Pakistan approves major natural gas price hike to meet key condition ahead of IMF review 
  • The proposed hike is expected to raise gas prices by more than 173 percent from Nov, generate Rs57 billion additional revenue 
  • Financial experts say it will help Pakistan complete upcoming first review of the $3 billion short-term financing facility by the IMF 

KARACHI: Pakistan’s caretaker government has given a go-ahead for a substantial rise in the gas tariff to meet a key condition of the International Monetary Fund (IMF) ahead of the first review of a $3 billion bailout facility, financial experts said on Tuesday. 

The hike in gas tariffs was approved by the Economic Coordination Committee (ECC) of the federal cabinet that was chaired by Caretaker Finance Minister Dr. Shamshad Akhtar on Monday. 

The move is likely to impact millions of people across Pakistan, which has faced a number of energy-related issues in recent years. 

“A summary submitted by the Ministry of Energy (Petroleum Division) regarding the revision of the natural gas sale pricing for the FY 2023-24, was also considered by the forum,” said an official statement circulated after the meeting. 

The gas tariff for non-protected domestic consumers would increase by up to 173 percent, commercial by 136 percent, export industry by 86 percent, non-export industry by 117 percent, fertilizer by 14 percent, and CNG by 144 percent, according to the summary. 

There will be no increase in tariff for the protected category (57 percent of the domestic consumers) however, the fixed monthly charge is proposed to be increased from Rs10 to Rs400 for this category. The new gas tariff will be implemented from November 2023, instead of October 2023. 

The recommendation will now be presented before the federal cabinet for final approval, after which the Oil and Gas Regulatory Authority (OGRA) will issue a notification regarding the revision of the tariff, an OGRA spokesman told Arab News on Tuesday. 

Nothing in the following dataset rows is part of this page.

lemma contraction_sum:
  "is_contraction C \<Longrightarrow> (\<And>i. i \<in> F \<Longrightarrow> v i \<in> l2) \<Longrightarrow> C (\<Sum>i\<in>F. v i) = (\<Sum>i\<in>F. C (v i))"
  by (induction F rule: infinite_finite_induct) (auto simp: contraction_zero contraction_add l2_sum)

lemma contraction_l2lim:
  assumes C: "is_contraction C" and u: "\<And>k. u k \<in> l2" and x: "x \<in> l2" and lim: "l2lim u x"
  shows "l2lim (\<lambda>k. C (u k)) (C x)"
  unfolding l2lim_def
proof (rule tendsto_0_le[where K = 1])
  show "(\<lambda>k. l2norm (u k - x)) \<longlonglongrightarrow> 0"
    using lim by (simp add: l2lim_def)
  show "\<forall>\<^sub>F k in sequentially. norm (l2norm (C (u k) - C x)) \<le> norm (l2norm (u k - x)) * 1"
    using contraction_diff[OF C u x] contraction_norm_le[OF C l2_diff[OF u x]]
      contraction_l2[OF C] u x by (simp add: l2norm_nonneg[OF l2_diff])
qed

lemma is_contraction_id: "is_contraction id"
  by (simp add: is_contraction_def)

lemma is_contraction_comp: "is_contraction B \<Longrightarrow> is_contraction C \<Longrightarrow> is_contraction (B \<circ> C)"
  unfolding is_contraction_def comp_def by (auto intro: order_trans) (meson order_trans)

lemma is_contraction_funpow: "is_contraction C \<Longrightarrow> is_contraction (C ^^ n)"
  by (induction n) (auto simp: is_contraction_id is_contraction_comp)

definition unit_vec :: "nat \<Rightarrow> nat \<Rightarrow> complex" where
  "unit_vec j = (\<lambda>k. if k = j then 1 else 0)"

definition trunc_seq :: "nat \<Rightarrow> (nat \<Rightarrow> complex) \<Rightarrow> nat \<Rightarrow> complex" where
  "trunc_seq N x = (\<lambda>k. if k < N then x k else 0)"

lemma l2_unit_vec [simp]: "unit_vec j \<in> l2"
  unfolding l2_def unit_vec_def mem_Collect_eq by (rule summable_finite[of "{j}"]) auto

lemma l2_trunc_seq [simp]: "trunc_seq N x \<in> l2"
  unfolding l2_def trunc_seq_def mem_Collect_eq by (rule summable_finite[of "{..<N}"]) auto

lemma trunc_seq_eq_sum: "trunc_seq N x = (\<Sum>j<N. sc (x j) (unit_vec j))"
proof
  fix k
  have "(\<Sum>j<N. sc (x j) (unit_vec j)) k = (\<Sum>j<N. if k = j then x j else 0)"
    by (simp add: sum_fun_apply unit_vec_def if_distrib cong: if_cong)
  then show "trunc_seq N x k = (\<Sum>j<N. sc (x j) (unit_vec j)) k"
    by (simp add: trunc_seq_def)
qed

lemma l2norm_trunc_seq: "l2norm (trunc_seq N x) = sqrt (\<Sum>j<N. (cmod (x j))\<^sup>2)"
  unfolding l2norm_def trunc_seq_def by (subst suminf_finite[of "{..<N}"]) auto

lemma l2lim_trunc_seq:
  assumes x: "x \<in> l2"
  shows "l2lim (\<lambda>N. trunc_seq N x) x"
proof -
  define f where "f k = (cmod (x k))\<^sup>2" for k
  have f: "summable f"
    using x unfolding f_def by (simp add: l2_def)
  have "(l2norm (trunc_seq N x - x))\<^sup>2 = suminf f - (\<Sum>k<N. f k)" for N
  proof -
    have "(l2norm (trunc_seq N x - x))\<^sup>2 = (\<Sum>k. (cmod ((trunc_seq N x - x) k))\<^sup>2)"
      using x by (simp add: l2norm_power2)
    also have "\<dots> = (\<Sum>k. f k - (if k < N then f k else 0))"
      by (intro arg_cong[where f = suminf] ext) (simp add: trunc_seq_def f_def)
    also have "\<dots> = suminf f - (\<Sum>k<N. f k)"
      using suminf_diff[OF f summable_finite[of "{..<N}" "\<lambda>k. if k < N then f k else 0"]]
        suminf_finite[of "{..<N}" "\<lambda>k. if k < N then f k else 0"] by auto
    finally show ?thesis .
  qed
  moreover have "(\<lambda>N. suminf f - (\<Sum>k<N. f k)) \<longlonglongrightarrow> 0"
    using tendsto_diff[OF tendsto_const[of "suminf f"] summable_LIMSEQ[OF f]] by simp
  ultimately have "(\<lambda>N. sqrt ((l2norm (trunc_seq N x - x))\<^sup>2)) \<longlonglongrightarrow> 0"
    using tendsto_real_sqrt by fastforce
  then show ?thesis
    unfolding l2lim_def using x by simp
qed
lemma count_le_one_if_abs_irred:
  assumes all: "\<And>r. irred H r \<Longrightarrow> abs_irred H r" and irr: "irred (BG0 H) U"
    and g: "g \<in> G0 H - G1 H"
  shows "count U g \<le> 1"
proof (rule ccontr)
  assume "\<not> count U g \<le> 1"
  then have "g \<in># U" "g \<in># U - {#g#}" by (auto simp: in_diff_count simp flip: count_greater_zero_iff)
  then obtain W where UW: "U = add_mset g (add_mset g W)" by (metis insert_DiffM)
  have U: "U \<in> BG0 H" using irred_mem[OF irr] .
  then have "set_mset W \<subseteq> G0 H" using UW unfolding BG0_def by auto
  then obtain X where X: "is_divisor X" "image_mset (cls H) X = W"
    using divisor_prime_of_class by metis
  obtain P R where PR: "prime_divisor H P" "prime_divisor H R" "P \<noteq> R" "cls H P = g" "cls H R = g"
    using two_prime_divisors_if_not_G1[OF g] by metis
  \<comment> \<open>P R X and its variants P P X and R R X all map to U, and (P R X)^2 = P P X \<cdot> R R X\<close>
  define M M1 M2 where "M = add_mset P (add_mset R X)" and "M1 = add_mset P (add_mset P X)"
    and "M2 = add_mset R (add_mset R X)"
  have divs: "is_divisor M" "is_divisor M1" "is_divisor M2"
    using X PR unfolding M_def M1_def M2_def is_divisor_def by auto
  have imgs: "image_mset (cls H) M = U" "image_mset (cls H) M1 = U" "image_mset (cls H) M2 = U"
    using X PR UW unfolding M_def M1_def M2_def by auto
  obtain r where r: "r \<in> H" "divisor_of r = M" "block r = U"
    by (rule block_surj[OF divs(1) U imgs(1)])
  obtain r1 where r1: "r1 \<in> H" "divisor_of r1 = M1" "block r1 = U"
    by (rule block_surj[OF divs(2) U imgs(2)])
  obtain r2 where r2: "r2 \<in> H" "divisor_of r2 = M2" "block r2 = U"
    by (rule block_surj[OF divs(3) U imgs(3)])
  have eq: "divisor_of (sum_list [r1, r2]) = divisor_of (nmul 2 r)"
    using r r1 r2 by (simp add: divisor_of_add divisor_of_nmul numeral_2_eq_2 M_def M1_def M2_def)
  obtain ys where ys: "set ys \<subseteq> H" "sum_list ys = nmul 2 r" "map divisor_of ys = map divisor_of [r1, r2]"
    by (rule factorization_of_associate[OF _ _ nmul_mem[OF r(1)] eq]) (use r1 r2 in auto)
  then obtain y1 y2 where y: "ys = [y1, y2]" "divisor_of y1 = M1" "divisor_of y2 = M2"
    using r1 r2 by (auto simp: map_eq_Cons_conv)
  then have "irred H y1" "irred H y2"
    using ys(1) irr imgs irred_iff_irred_block unfolding block_def by auto
  then have "assoc_in H y1 r"
    using abs_irredD[OF all[OF irred_iff_irred_block[OF r(1), THEN iffD2]], of 2 ys] r(3) irr ys(2) y(1)
    by simp
  then have "M1 = M" using y(2) r(2) assoc_in_iff_divisor_of_eq by simp
  moreover have "count M1 P \<noteq> count M P" using PR(3) by (simp add: M_def M1_def)
  ultimately show False by simp
qed

end

theorem mainTheorem12:
  fixes H :: "'a::ab_group_add set"
  assumes "krull_monoid H"
  shows "(\<forall>r. irred H r \<longrightarrow> abs_irred H r) \<longleftrightarrow>
         ((\<forall>U. irred (BG0 H) U \<longrightarrow> abs_irred (BG0 H) U) \<and>
          (\<forall>U g. irred (BG0 H) U \<longrightarrow> g \<in> G0 H - G1 H \<longrightarrow> count U g \<le> 1))"
proof -
  interpret krull H using assms by (rule krull_monoid_imp_krull)
  show ?thesis
  proof (intro iffI allI impI)
    assume "\<forall>r. irred H r \<longrightarrow> abs_irred H r"
    then show "(\<forall>U. irred (BG0 H) U \<longrightarrow> abs_irred (BG0 H) U) \<and>
        (\<forall>U g. irred (BG0 H) U \<longrightarrow> g \<in> G0 H - G1 H \<longrightarrow> count U g \<le> 1)"
      using abs_irred_block_if_abs_irred count_le_one_if_abs_irred by blast
  next
    fix r
    assume b: "(\<forall>U. irred (BG0 H) U \<longrightarrow> abs_irred (BG0 H) U) \<and>
        (\<forall>U g. irred (BG0 H) U \<longrightarrow> g \<in> G0 H - G1 H \<longrightarrow> count U g \<le> 1)"
      and irr: "irred H r"
    then have "irred (BG0 H) (block r)" using irred_iff_irred_block irred_mem by blast
    then show "abs_irred H r" using abs_irred_if_abs_irred_block[OF irr] b by blast
  qed
qed

end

After the approval, the average gas price is expected to go up by 53 percent to Rs1,397/MMBtu from Rs914/MMBtu, according to a report by Arif Habib Limited (AHL), a Pakistani securities brokerage, investment banking and research firm. 

“The revenue impact of the proposed price hike would be Rs57 billion,” AHL said. “As per the estimates the revenue requirement of Sui Southern Gas company (SSGC) and Sui Northern Gas Pipeline (SNGPL) is Rs697 billion, while [their] annual revenue would be Rs755 billion with the tariff hike.” 

Pakistan is bracing for the upcoming first review of the $3 billion short-term financing facility it availed from the IMF to stave off a looming default in July this year. The Fund’s team is expected to visit the South Asian country for the review by the end of this month. 

The IMF has frequently raised concerns over the country’s mounting circular debt in the energy sector, asking the government not to give any subsidies while calling for raised tariffs. 

“It was one of the key conditions of the IMF which the government has met,” Tahir Abbas, head of research at AHL told Arab News. “With this last major hurdle removed, we expect that the review of the $3 billion program will be smoothly completed. The government has already achieved other major targets.” 

Pakistan has faced a number of energy woes in recent years, including frequent gas shortages in the winter season. The problem not only creates hardships for domestic consumers but also affects local industries by bringing down their production levels. 

It is pertinent to mention here that Pakistan’s oil and gas reserves have been fast depleting and are likely to be fully consumed in the next 15 years, according to the Pakistan Petroleum Information Services. 

The country has not made any major new discovery of oil and gas reserves and the government has been looking for cheaper sources of energy imports to meet the growing demand.